I found some NPN transitors here:

Do all of them fit?

D1 is a diode, ok. Dig out is a pin on the MCU? R2 is a resistor with 180 - 470 ohm, I guess. The cycle in the middle is the motor? What are Q1 and C1? Its over 25 years ago I had electronics at school. :slight_smile: I already forgot these things.

I'm playing track mania with mouse (bloody beginner here as well, but its fun). Unlike other input devices the mouse doesn't go back to the center by itself. So I have to watch at the cursor all the time. The idea I got is to translate the mouse X movement to two unbalence motors. Each on one side of my wrist. The further I steer to the left the more the left one rumbles until the max steering point is reached. And other way round. If the mouse is in the center/dead zone both motors are off.

I wrote a tool in python which uses a virtual gamepad and traslates the mouse to one of its joysticks. This gamepad is used in TM for steering. Means: On the software side I already got all input I need. Now I "only" need the two motors get running.

I don't have nothing yet, but my old soldering iron. I thought, it depends to the MCU which motors I can use. So I started with this.

What is the smallest one then?

I need the lowerst possible latency. BLE I can exclude here. I don't know the latency of wifi, but I think cable has the lowest one of all options. Down side of wifi is also I needed an external power supply.

Yes.

R = resistor, C = capacitor, Q = transistor.

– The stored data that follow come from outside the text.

lemma finite_dimensional_if_corners_in_lines:
  assumes F: "projection_partition F"
    and lines: "\<And>p q. p \<in> F \<Longrightarrow> q \<in> F \<Longrightarrow> \<exists>y. corner p q \<subseteq> complex_span scaleC {y}"
  shows "\<not> infinite_dimensional scaleC"
proof -
  obtain y where y: "\<And>p q. p \<in> F \<Longrightarrow> q \<in> F \<Longrightarrow> corner p q \<subseteq> complex_span scaleC {y p q}"
    using lines by metis
  define Y where "Y = (\<lambda>(p, q). y p q) ` (F \<times> F)"
  have "finite Y"
    using F by (simp add: Y_def projection_partition_def)
  have "a \<in> complex_span scaleC Y" for a
  proof -
    have "a = \<Sum>F * a * \<Sum>F"
      using F by (simp add: projection_partition_def)
    also have "\<dots> = (\<Sum>p\<in>F. \<Sum>q\<in>F. p * a * q)"
      unfolding sum_distrib_left sum_distrib_right by (rule sum.swap)
    finally have a_sum: "a = (\<Sum>p\<in>F. \<Sum>q\<in>F. p * a * q)" .
    have "p * a * q \<in> complex_span scaleC Y" if pq: "p \<in> F" "q \<in> F" for p q
    proof -
      have "p * p = p" "q * q = q"
        using F pq by (simp_all add: projection_partition_def projection_def)
      then have "p * a * q \<in> corner p q"
        by (simp add: corner_def mult.assoc) (simp flip: mult.assoc)
      then obtain c where "p * a * q = scaleC c (y p q)"
        using y[OF pq] by (auto simp: complex_span_singleton)
      moreover have "y p q \<in> Y"
        using pq by (auto simp: Y_def)
      ultimately show ?thesis
        using scaleC_mem_complex_span[OF \<open>finite Y\<close>] by simp
    qed
    then show ?thesis
      by (subst a_sum) (intro complex_span_sum)
  qed
  with \<open>finite Y\<close> show ?thesis
    unfolding infinite_dimensional_def by blast
qed

end

locale cstar_state = cstar_algebra +
  fixes \<phi> :: "'a \<Rightarrow> complex"
  assumes state: "is_state scaleC star \<phi>"
begin

lemma phi_add: "\<phi> (a + b) = \<phi> a + \<phi> b"
  and phi_scaleC: "\<phi> (scaleC c a) = c * \<phi> a"
  and phi_star_mult_self_real: "Im (\<phi> (star a * a)) = 0"
  and phi_star_mult_self_nonneg: "0 \<le> Re (\<phi> (star a * a))"
  and phi_one: "\<phi> 1 = 1"
  using state unfolding is_state_def by metis+

lemma phi_zero [simp]: "\<phi> 0 = 0"
  using phi_add[of 0 0] by simp

lemma phi_diff: "\<phi> (a - b) = \<phi> a - \<phi> b"
  using phi_add[of "a - b" b] by simp

lemma phi_scaleR: "\<phi> (r *\<^sub>R a) = complex_of_real r * \<phi> a"
  using phi_scaleC[of "complex_of_real r" a] by (simp add: scaleC_of_real)

lemma phi_sum: "\<phi> (sum f I) = (\<Sum>i\<in>I. \<phi> (f i))"
  by (induction I rule: infinite_finite_induct) (simp_all add: phi_add)

lemma phi_star: "\<phi> (star a) = cnj (\<phi> a)"
proof -
  have "star (1 + a) * (1 + a) = 1 + a + star a + star a * a"
    by (simp add: star_add algebra_simps)
  then have im: "Im (\<phi> a) + Im (\<phi> (star a)) = 0"
    using phi_star_mult_self_real[of "1 + a"] phi_star_mult_self_real[of a] by (simp add: phi_add phi_one)
  have "scaleC (- \<i>) (star a) * scaleC \<i> a = star a * a"
    by (simp add: mult_scaleC_left mult_scaleC_right scaleC_scaleC scaleC_one)
  then have "star (1 + scaleC \<i> a) * (1 + scaleC \<i> a) = 1 + scaleC \<i> a + scaleC (- \<i>) (star a) + star a * a"
    by (simp add: star_add star_scaleC algebra_simps)
  then have re: "Re (\<phi> a) - Re (\<phi> (star a)) = 0"
    using phi_star_mult_self_real[of "1 + scaleC \<i> a"] phi_star_mult_self_real[of a]
    by (simp add: phi_add phi_scaleC phi_one)
  from im re show ?thesis
    by (simp add: complex_eq_iff)
qed

lemma phi_sandwich_le_of_norm_less:
  assumes "selfadjoint x" and "norm x < c"
  shows "Re (\<phi> (star y * x * y)) \<le> c * Re (\<phi> (star y * y))"
proof -
  have "c > 0"
    using assms(2) norm_ge_zero[of x] by linarith
  have "selfadjoint ((1/c) *\<^sub>R x)" "norm ((1/c) *\<^sub>R x) < 1"
    using assms \<open>c > 0\<close> by (simp_all add: selfadjoint_def star_scaleR)
  then obtain s where s: "selfadjoint s" "s * s = 1 - (1/c) *\<^sub>R x"
    by (rule selfadjoint_sqrt_one_minus)
  have "star (s * y) * (s * y) = star y * (s * s) * y"
    using s(1) by (simp add: selfadjoint_def star_mult mult.assoc)
  also have "\<dots> = star y * y - (1/c) *\<^sub>R (star y * x * y)"
    by (simp add: s(2) algebra_simps)
  finally have "0 \<le> Re (\<phi> (star y * y)) - (1/c) * Re (\<phi> (star y * x * y))"
    using phi_star_mult_self_nonneg[of "s * y"] by (simp add: phi_diff phi_scaleR)
  with \<open>c > 0\<close> show ?thesis
    by (simp add: field_simps)
qed

lemma phi_sandwich_le:
  assumes "selfadjoint x"
  shows "Re (\<phi> (star y * x * y)) \<le> norm x * Re (\<phi> (star y * y))"
proof (rule field_le_epsilon)
  fix \<epsilon> :: real assume "0 < \<epsilon>"
  define P where "P = Re (\<phi> (star y * y))"
  have "0 \<le> P"
    by (simp add: P_def phi_star_mult_self_nonneg)
  then have "norm x < norm x + \<epsilon> / (P + 1)"
    using \<open>0 < \<epsilon>\<close> by simp
  with assms have "Re (\<phi> (star y * x * y)) \<le> (norm x + \<epsilon> / (P + 1)) * P"
    unfolding P_def by (rule phi_sandwich_le_of_norm_less)
  also have "\<dots> \<le> norm x * P + \<epsilon>"
    using \<open>0 < \<epsilon>\<close> \<open>0 \<le> P\<close> by (simp add: field_simps)
  finally show "Re (\<phi> (star y * x * y)) \<le> norm x * Re (\<phi> (star y * y)) + \<epsilon>"
    by (simp add: P_def)
qed

lemma norm_sq_le_of_kernel_bound:
  assumes "0 \<le> R"
    and kernel: "\<And>b. \<phi> b = 0 \<Longrightarrow> norm (star b * b) \<le> R * Re (\<phi> (star b * b))"
  shows "(norm a)\<^sup>2 \<le> (sqrt R + 1)\<^sup>2 * Re (\<phi> (star a * a))"
proof -
  define c where "c = \<phi> a"
  define b where "b = a - scaleC c 1"
  define t where "t = Re (\<phi> (star a * a))"
  have "\<phi> b = 0"
    by (simp add: b_def c_def phi_diff phi_scaleC phi_one)
  have "star b * b = star a * a - scaleC c (star a) - scaleC (cnj c) a + scaleC (cnj c * c) 1"
    by (simp add: b_def star_diff star_scaleC algebra_simps mult_scaleC_left mult_scaleC_right
        scaleC_scaleC scaleC_diff_right)
  then have "\<phi> (star b * b) = \<phi> (star a * a) - c * cnj c - cnj c * c + cnj c * c"
    by (simp add: c_def phi_add phi_diff phi_scaleC phi_one phi_star)
  then have "Re (\<phi> (star b * b)) = t - (cmod c)\<^sup>2"
    using cmod_power2[of c] by (simp add: t_def power2_eq_square)
  then have "(cmod c)\<^sup>2 \<le> t" and "Re (\<phi> (star b * b)) \<le> t"
    using phi_star_mult_self_nonneg[of b] by auto
  then have "(norm b)\<^sup>2 \<le> R * t"
    using kernel[OF \<open>\<phi> b = 0\<close>] \<open>0 \<le> R\<close> by (metis mult_left_mono norm_star_mult_self order_trans)
  then have "norm b \<le> sqrt R * sqrt t"
    by (metis real_le_rsqrt real_sqrt_mult)
  moreover have "cmod c \<le> sqrt t"
    using \<open>(cmod c)\<^sup>2 \<le> t\<close> by (simp add: real_le_rsqrt)
  moreover have "norm a \<le> norm b + cmod c"
    using norm_triangle_ineq[of b "scaleC c 1"] by (simp add: b_def norm_scaleC)
  ultimately have "norm a \<le> (sqrt R + 1) * sqrt t"
    by (simp add: algebra_simps)
  then have "(norm a)\<^sup>2 \<le> ((sqrt R + 1) * sqrt t)\<^sup>2"
    by (simp add: power_mono)
  also have "\<dots> = (sqrt R + 1)\<^sup>2 * t"
    using phi_star_mult_self_nonneg[of a] by (simp add: t_def power_mult_distrib)
  finally show ?thesis
    by (simp add: t_def)
qed

lemma convergent_phi_powers_square:
  assumes "selfadjoint h" and "norm h \<le> 1"
  shows "convergent (\<lambda>n. Re (\<phi> ((h * h) ^ n)))"
proof -
  define p where "p = h * h"
  have p_power_h: "p ^ k = h ^ (2 * k)" for k
    by (simp add: p_def power_mult power2_eq_square)
  have p_power: "p ^ n = star (h ^ n) * h ^ n" for n
    using assms(1) by (simp add: p_power_h selfadjoint_def star_power mult_2 power_add)
  have p_power_Suc: "p ^ Suc n = star (h ^ n) * p * h ^ n" for n
  proof -
    have "2 * Suc n = n + 2 + n"
      by simp
    then have "p ^ Suc n = h ^ n * h\<^sup>2 * h ^ n"
      by (simp only: p_power_h power_add)
    also have "h\<^sup>2 = p"
      by (simp add: p_def power2_eq_square)
    finally show ?thesis
      using assms(1) by (simp only: selfadjoint_def star_power)
  qed
  have "norm p \<le> 1"
    using norm_mult_ineq[of h h] assms(2) mult_le_one[of "norm h" "norm h"] by (simp add: p_def)
  have "Re (\<phi> (p ^ Suc n)) \<le> Re (\<phi> (p ^ n))" for n
  proof -
    have "selfadjoint p"
      using assms(1) by (simp add: p_def selfadjoint_def star_mult)
    then have "Re (\<phi> (p ^ Suc n)) \<le> norm p * Re (\<phi> (p ^ n))"
      unfolding p_power_Suc[of n] p_power[of n] by (rule phi_sandwich_le)
    also have "\<dots> \<le> Re (\<phi> (p ^ n))"
      using \<open>norm p \<le> 1\<close> phi_star_mult_self_nonneg[of "h ^ n"] p_power[of n]
      by (simp add: mult_left_le_one_le)
    finally show ?thesis .
  qed
  then have "decseq (\<lambda>n. Re (\<phi> (p ^ n)))"
    by (simp add: decseq_SucI)
  moreover have "0 \<le> Re (\<phi> (p ^ n))" for n
    by (simp add: p_power phi_star_mult_self_nonneg)
  ultimately show ?thesis
    unfolding p_def[symmetric] using decseq_convergent convergent_def by metis
qed

end

locale norm_dominating_state = cstar_state +
  fixes K :: real
  assumes norm_sq_le_state: "(norm a)\<^sup>2 \<le> K * Re (\<phi> (star a * a))"
begin

lemma one_le_K: "1 \<le> K"
  using norm_sq_le_state[of 1] by (simp add: phi_one)

lemma norm_diff_powers_sq_le:
  assumes "selfadjoint p"
  shows "(norm (p ^ m - p ^ n))\<^sup>2 \<le>
    K * ((Re (\<phi> (p ^ (m + m))) - Re (\<phi> (p ^ (m + n)))) +
      (Re (\<phi> (p ^ (n + n))) - Re (\<phi> (p ^ (m + n)))))"
proof -
  have "star (p ^ m - p ^ n) * (p ^ m - p ^ n) = p ^ (m + m) - 2 *\<^sub>R p ^ (m + n) + p ^ (n + n)"
    using assms by (simp add: selfadjoint_def star_diff star_power algebra_simps scaleR_2 add.commute
        flip: power_add)
  then have "Re (\<phi> (star (p ^ m - p ^ n) * (p ^ m - p ^ n)))
      = (Re (\<phi> (p ^ (m + m))) - Re (\<phi> (p ^ (m + n)))) +
        (Re (\<phi> (p ^ (n + n))) - Re (\<phi> (p ^ (m + n))))"
    by (simp add: phi_add phi_diff phi_scaleR)
  then show ?thesis
    using norm_sq_le_state[of "p ^ m - p ^ n"] by simp
qed

lemma Cauchy_powers_square:
  assumes "selfadjoint h" and "norm h \<le> 1"
  shows "Cauchy (\<lambda>n. (h * h) ^ n)"
proof (rule CauchyI)
  fix \<epsilon> :: real assume "0 < \<epsilon>"
  define p where "p = h * h"
  define a where "a n = Re (\<phi> (p ^ n))" for n
  have "Cauchy a"
    using convergent_phi_powers_square[OF assms] unfolding a_def p_def
    by (simp add: Cauchy_convergent_iff)
  moreover have "0 < \<epsilon>\<^sup>2 / (2 * K)"
    using \<open>0 < \<epsilon>\<close> one_le_K by simp
  ultimately obtain M where M: "\<And>m n. M \<le> m \<Longrightarrow> M \<le> n \<Longrightarrow> \<bar>a m - a n\<bar> < \<epsilon>\<^sup>2 / (2 * K)"
    by (metis CauchyD real_norm_def)
  have "norm (p ^ m - p ^ n) < \<epsilon>" if "M \<le> m" "M \<le> n" for m n
  proof -
    have "selfadjoint p"
      using assms(1) by (simp add: p_def selfadjoint_def star_mult)
    then have "(norm (p ^ m - p ^ n))\<^sup>2 \<le> K * ((a (m + m) - a (m + n)) + (a (n + n) - a (m + n)))"
      unfolding a_def by (rule norm_diff_powers_sq_le)
    also have "\<dots> < K * (2 * (\<epsilon>\<^sup>2 / (2 * K)))"
      using M[of "m + m" "m + n"] M[of "n + n" "m + n"] that one_le_K by (intro mult_strict_left_mono) auto
    also have "\<dots> = \<epsilon>\<^sup>2"
      using one_le_K by simp
    finally show ?thesis
      using \<open>0 < \<epsilon>\<close> by (simp add: power_less_imp_less_base)
  qed
  then show "\<exists>M. \<forall>m\<ge>M. \<forall>n\<ge>M. norm ((h * h) ^ m - (h * h) ^ n) < \<epsilon>"
    unfolding p_def by blast
qed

For D1 a 1n4148 would work.

Yes, you do. Standard MCUs cannot safely power any motor from the digital output pins.

Are you looking for a MCU (and build a PCB around it) or are you looking for a small board?

Not all MCUs provide USB functionality; so that would require an additional component increasing the size. Therefore I would look at MCUs with native USB.

I'm assuming that you want a board.

Getting Started with Seeed Studio XIAO SAMD21 | Seeed Studio Wiki (note that it's a 3.3V board) or Beetle_SKU_DFR0282-DFRobot might fit the bill

Is there a reason why you want to use USB? If WiFi is an option, you can
consider an Espressif based board (ESP8266/ESP32, e.g. LOLIN D1 mini — WEMOS documentation). Again a 3.3V board.

If you don't want a board but want to design yourself, you can base your design on the processors on those boards.

Note:
There might be smaller boards, I'm do not know all of them.

Ok, maybe I confused the terms. I looking for a ready to use product in the best case. Something like the arduino boards. I want to avoid making cyrcits by myself as possible.
Before I posted here, I thought, it will be just plug in/soldering the motor's pluses and grounds on a PCB and everything else will be on the software side.

Just in that moment it comes into my mind, if I use a cable for connection to my PC, the board doesn't have to be as small as possible. A cable to my wrist is a cable to my wrist, it doesn't matter if its a USB cable or bundled pluses and grounds. The board can lay on the desk then. :thinking: But in case of wifi connection, the board should be small.

I think for a "prototype" I should start with a board which has both, USB slot and wifi. In case the wifi latency will be to high for my project, I can still use the USB slot. After I know more I can buy another board for the final result. The boards aren't expensive.

Then I believe jremington gave you the best approach in post #4:

But since the motors will be attached to your wrist, I like sterretje's idea of going wireless or even forgetting the mouse. But it's definitely a tougher project.